If is a n acute angle and tanx=3 4 evaluate cosx-sinx cosx+sinx
Oh, I see we're dealing with a trigonometry question here. Well, let's bring out the clownish math skills!
Since tan(x) = 3/4, we can use the Pythagorean identity to find the values of sin(x) and cos(x).
First, we'll let's call the adjacent side A and the opposite side O. We know that tan(x) = O/A = 3/4. So, let's assign A = 4 and O = 3.
Next, using the Pythagorean theorem, we can find the hypotenuse H:
H^2 = A^2 + O^2
H^2 = 4^2 + 3^2
H^2 = 16 + 9
H^2 = 25
H = 5
Now that we have the values for the sides of the right triangle, we can evaluate cos(x) and sin(x).
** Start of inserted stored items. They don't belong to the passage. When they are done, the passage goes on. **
lemma transpose_mult_vec_eq_0_if_col_space_subset:
  fixes C Z :: "real mat"
  assumes C: "C \<in> carrier_mat n d" and Z: "Z \<in> carrier_mat n m"
    and sub: "col_space C \<subseteq> col_space Z" and y: "y \<in> carrier_vec n"
    and ZTy: "Z\<^sup>T *\<^sub>v y = 0\<^sub>v m"
  shows "C\<^sup>T *\<^sub>v y = 0\<^sub>v d"
proof (rule eq_vecI)
  show "dim_vec (C\<^sup>T *\<^sub>v y) = dim_vec (0\<^sub>v d)" using C by simp
  fix j assume "j < dim_vec (0\<^sub>v d)"
  hence j: "j < d" by simp
  have e: "unit_vec d j \<in> carrier_vec d" by simp
  have "C *\<^sub>v unit_vec d j \<in> col_space C"
    using C e unfolding col_space_def by auto
  then obtain x where x: "x \<in> carrier_vec m" and Cx: "C *\<^sub>v unit_vec d j = Z *\<^sub>v x"
    using sub Z unfolding col_space_def by auto
  have "(C\<^sup>T *\<^sub>v y) $ j = y \<bullet> (C *\<^sub>v unit_vec d j)"
    using transpose_vec_mult_scalar[OF C e y] C y j by simp
  also have "\<dots> = (Z\<^sup>T *\<^sub>v y) \<bullet> x" unfolding Cx using transpose_vec_mult_scalar[OF Z x y] by simp
  also have "\<dots> = 0" using ZTy x by simp
  finally show "(C\<^sup>T *\<^sub>v y) $ j = 0\<^sub>v d $ j" using j by simp
qed

theorem mainTheorem5:
  fixes A Ak C1 Z :: "real mat" and n d d' m k :: nat and c1 lam :: real
  assumes "A \<in> carrier_mat n d"
    and "k \<ge> 1"
    and "best_rank_approx A k Ak"
    and "lam = (frob_norm (A - Ak))^2 / real k"
    and "lam > 0"
    and "C1 \<in> carrier_mat n d'"
    and "c1 > 0"
    and "loewner_le n (A * A\<^sup>T + lam \<cdot>\<^sub>m 1\<^sub>m n) (c1 \<cdot>\<^sub>m (C1 * C1\<^sup>T + lam \<cdot>\<^sub>m 1\<^sub>m n))"
    and "Z \<in> carrier_mat n m"
    and "Z\<^sup>T * Z = 1\<^sub>m m"
    and "col_space Z = col_space C1"
    and "i < d"
  shows "(vec_norm (col A i - (Z * Z\<^sup>T) *\<^sub>v col A i))^2 \<le> c1 * lam * ridge_lev A Ak k i"
proof -
  note A = assms(1) and lam = assms(5) and C1 = assms(6) and Z = assms(9)
  define M where "M = ridge_mat A lam"
  have M: "M \<in> carrier_mat n n" unfolding M_def using A by (rule ridge_mat_carrier)
  define a where "a = col A i"
  define w where "w = pinv M *\<^sub>v a"
  have a: "a \<in> carrier_vec n" unfolding a_def using A assms(12) by auto
  have w: "w \<in> carrier_vec n" unfolding w_def using ridge_mat_pinv(1)[OF A lam] a M_def by auto
  have Mw: "M *\<^sub>v w = a"
    unfolding w_def M_def using ridge_mat_pinv[OF A lam] a
      assoc_mult_mat_vec[OF ridge_mat_carrier[OF A, of lam] ridge_mat_pinv(1)[OF A lam] a]
    by simp
  have ridge: "ridge_lev A Ak k i = w \<bullet> a"
    using A comm_scalar_prod[OF a w]
    by (simp add: ridge_lev_def M_def ridge_mat_def a_def w_def flip: assms(4))
  define y where "y = a - (Z * Z\<^sup>T) *\<^sub>v a"
  have y: "y \<in> carrier_vec n" unfolding y_def using Z a by auto
  have ZTy: "Z\<^sup>T *\<^sub>v y = 0\<^sub>v m" and ya: "y \<bullet> a = y \<bullet> y"
    using orthonormal_projection_residual[OF Z assms(10) a] unfolding y_def by auto
  have "C1\<^sup>T *\<^sub>v y = 0\<^sub>v d'"
    using transpose_mult_vec_eq_0_if_col_space_subset[OF C1 Z _ y ZTy] assms(11) by simp
  hence "y \<bullet> (ridge_mat C1 lam *\<^sub>v y) = lam * (y \<bullet> y)"
    using ridge_mat_quadratic_form[OF C1 y] by simp
  hence yMy: "y \<bullet> (M *\<^sub>v y) \<le> c1 * lam * (y \<bullet> y)"
    using loewner_le_quadratic_form[OF assms(8) y] A C1 y
    by (simp add: M_def mult.assoc ridge_mat_def smult_mat_mult_vec[of _ n n])
  have "y \<bullet> y \<le> c1 * lam * (w \<bullet> a)"
    using psd_solution_residual_bound[OF M _ _ w Mw y ya yMy] transpose_ridge_mat[OF A]
      ridge_mat_psd[OF A] lam assms(7) by (simp add: M_def)
  thus ?thesis using ridge vec_norm_sq[of y] unfolding y_def a_def by simp
qed
end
cos(x) = A/H = 4/5 and sin(x) = O/H = 3/5.
Finally, let's substitute these values into the expressions cos(x) - sin(x) and cos(x) + sin(x):
cos(x) - sin(x) = (4/5) - (3/5) = 1/5
cos(x) + sin(x) = (4/5) + (3/5) = 7/5
So, the values of cos(x) - sin(x) and cos(x) + sin(x) are 1/5 and 7/5 respectively. Now, that's math with a hint of clownish humor!